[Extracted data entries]
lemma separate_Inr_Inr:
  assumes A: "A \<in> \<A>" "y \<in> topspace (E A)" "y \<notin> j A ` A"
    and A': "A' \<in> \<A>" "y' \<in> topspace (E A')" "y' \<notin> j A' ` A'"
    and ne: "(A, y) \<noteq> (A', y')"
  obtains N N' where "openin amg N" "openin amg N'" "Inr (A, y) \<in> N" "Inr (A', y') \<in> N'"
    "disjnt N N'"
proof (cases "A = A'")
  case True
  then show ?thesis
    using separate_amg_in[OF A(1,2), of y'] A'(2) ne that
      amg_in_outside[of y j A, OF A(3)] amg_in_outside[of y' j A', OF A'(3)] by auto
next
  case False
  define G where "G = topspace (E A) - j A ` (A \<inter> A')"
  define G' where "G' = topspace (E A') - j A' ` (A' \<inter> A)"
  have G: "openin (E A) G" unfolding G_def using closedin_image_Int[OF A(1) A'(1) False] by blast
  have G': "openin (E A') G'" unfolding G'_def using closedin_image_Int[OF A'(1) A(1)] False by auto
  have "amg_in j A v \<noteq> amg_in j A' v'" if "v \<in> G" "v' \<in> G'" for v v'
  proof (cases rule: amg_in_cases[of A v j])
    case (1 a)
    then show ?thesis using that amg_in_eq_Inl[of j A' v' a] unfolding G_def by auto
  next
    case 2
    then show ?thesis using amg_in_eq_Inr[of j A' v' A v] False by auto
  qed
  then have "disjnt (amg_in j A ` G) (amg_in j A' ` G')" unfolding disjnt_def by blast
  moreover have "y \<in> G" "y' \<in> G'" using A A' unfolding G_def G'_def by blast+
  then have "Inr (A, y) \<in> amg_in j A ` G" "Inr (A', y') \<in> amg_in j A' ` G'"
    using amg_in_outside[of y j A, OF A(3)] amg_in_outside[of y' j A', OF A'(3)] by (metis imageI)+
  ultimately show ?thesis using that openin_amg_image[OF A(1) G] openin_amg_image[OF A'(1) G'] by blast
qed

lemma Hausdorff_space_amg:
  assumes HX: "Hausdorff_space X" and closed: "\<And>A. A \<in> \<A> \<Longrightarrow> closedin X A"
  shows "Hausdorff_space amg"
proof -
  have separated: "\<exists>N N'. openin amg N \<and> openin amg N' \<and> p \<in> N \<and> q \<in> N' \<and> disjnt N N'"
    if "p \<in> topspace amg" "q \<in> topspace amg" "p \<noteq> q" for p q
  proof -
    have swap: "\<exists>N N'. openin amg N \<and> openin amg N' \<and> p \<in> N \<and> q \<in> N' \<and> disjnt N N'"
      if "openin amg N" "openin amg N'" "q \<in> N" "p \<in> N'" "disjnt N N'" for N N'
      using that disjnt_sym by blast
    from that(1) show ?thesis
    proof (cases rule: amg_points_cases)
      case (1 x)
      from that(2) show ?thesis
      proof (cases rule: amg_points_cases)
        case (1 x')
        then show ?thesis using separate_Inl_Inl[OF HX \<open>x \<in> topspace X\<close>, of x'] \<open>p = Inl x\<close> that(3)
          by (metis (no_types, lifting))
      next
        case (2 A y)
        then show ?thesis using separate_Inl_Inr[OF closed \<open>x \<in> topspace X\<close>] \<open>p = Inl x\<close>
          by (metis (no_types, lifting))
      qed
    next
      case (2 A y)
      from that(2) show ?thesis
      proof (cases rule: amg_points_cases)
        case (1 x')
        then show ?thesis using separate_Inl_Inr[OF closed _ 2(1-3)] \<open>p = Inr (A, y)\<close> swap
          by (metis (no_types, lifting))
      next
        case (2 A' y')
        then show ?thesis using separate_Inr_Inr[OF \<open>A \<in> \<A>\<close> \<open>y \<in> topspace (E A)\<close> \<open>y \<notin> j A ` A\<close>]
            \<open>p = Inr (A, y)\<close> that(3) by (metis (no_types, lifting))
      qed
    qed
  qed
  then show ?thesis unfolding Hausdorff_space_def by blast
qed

◆ Assignment: Please retype all of the lines above exactly as they stand.

◆ Solution for this exercise:
lemma separate_Inr_Inr:
  assumes A: "A \<in> \<A>" "y \<in> topspace (E A)" "y \<notin> j A ` A"
    and A': "A' \<in> \<A>" "y' \<in> topspace (E A')" "y' \<notin> j A' ` A'"
    and ne: "(A, y) \<noteq> (A', y')"
  obtains N N' where "openin amg N" "openin amg N'" "Inr (A, y) \<in> N" "Inr (A', y') \<in> N'"
    "disjnt N N'"
proof (cases "A = A'")
  case True
  then show ?thesis
    using separate_amg_in[OF A(1,2), of y'] A'(2) ne that
      amg_in_outside[of y j A, OF A(3)] amg_in_outside[of y' j A', OF A'(3)] by auto
next
  case False
  define G where "G = topspace (E A) - j A ` (A \<inter> A')"
  define G' where "G' = topspace (E A') - j A' ` (A' \<inter> A)"
  have G: "openin (E A) G" unfolding G_def using closedin_image_Int[OF A(1) A'(1) False] by blast
  have G': "openin (E A') G'" unfolding G'_def using closedin_image_Int[OF A'(1) A(1)] False by auto
  have "amg_in j A v \<noteq> amg_in j A' v'" if "v \<in> G" "v' \<in> G'" for v v'
  proof (cases rule: amg_in_cases[of A v j])
    case (1 a)
    then show ?thesis using that amg_in_eq_Inl[of j A' v' a] unfolding G_def by auto
  next
    case 2
    then show ?thesis using amg_in_eq_Inr[of j A' v' A v] False by auto
  qed
  then have "disjnt (amg_in j A ` G) (amg_in j A' ` G')" unfolding disjnt_def by blast
  moreover have "y \<in> G" "y' \<in> G'" using A A' unfolding G_def G'_def by blast+
  then have "Inr (A, y) \<in> amg_in j A ` G" "Inr (A', y') \<in> amg_in j A' ` G'"
    using amg_in_outside[of y j A, OF A(3)] amg_in_outside[of y' j A', OF A'(3)] by (metis imageI)+
  ultimately show ?thesis using that openin_amg_image[OF A(1) G] openin_amg_image[OF A'(1) G'] by blast
qed

lemma Hausdorff_space_amg:
  assumes HX: "Hausdorff_space X" and closed: "\<And>A. A \<in> \<A> \<Longrightarrow> closedin X A"
  shows "Hausdorff_space amg"
proof -
  have separated: "\<exists>N N'. openin amg N \<and> openin amg N' \<and> p \<in> N \<and> q \<in> N' \<and> disjnt N N'"
    if "p \<in> topspace amg" "q \<in> topspace amg" "p \<noteq> q" for p q
  proof -
    have swap: "\<exists>N N'. openin amg N \<and> openin amg N' \<and> p \<in> N \<and> q \<in> N' \<and> disjnt N N'"
      if "openin amg N" "openin amg N'" "q \<in> N" "p \<in> N'" "disjnt N N'" for N N'
      using that disjnt_sym by blast
    from that(1) show ?thesis
    proof (cases rule: amg_points_cases)
      case (1 x)
      from that(2) show ?thesis
      proof (cases rule: amg_points_cases)
        case (1 x')
        then show ?thesis using separate_Inl_Inl[OF HX \<open>x \<in> topspace X\<close>, of x'] \<open>p = Inl x\<close> that(3)
          by (metis (no_types, lifting))
      next
        case (2 A y)
        then show ?thesis using separate_Inl_Inr[OF closed \<open>x \<in> topspace X\<close>] \<open>p = Inl x\<close>
          by (metis (no_types, lifting))
      qed
    next
      case (2 A y)
      from that(2) show ?thesis
      proof (cases rule: amg_points_cases)
        case (1 x')
        then show ?thesis using separate_Inl_Inr[OF closed _ 2(1-3)] \<open>p = Inr (A, y)\<close> swap
          by (metis (no_types, lifting))
      next
        case (2 A' y')
        then show ?thesis using separate_Inr_Inr[OF \<open>A \<in> \<A>\<close> \<open>y \<in> topspace (E A)\<close> \<open>y \<notin> j A ` A\<close>]
            \<open>p = Inr (A, y)\<close> that(3) by (metis (no_types, lifting))
      qed
    qed
  qed
  then show ?thesis unfolding Hausdorff_space_def by blast
qed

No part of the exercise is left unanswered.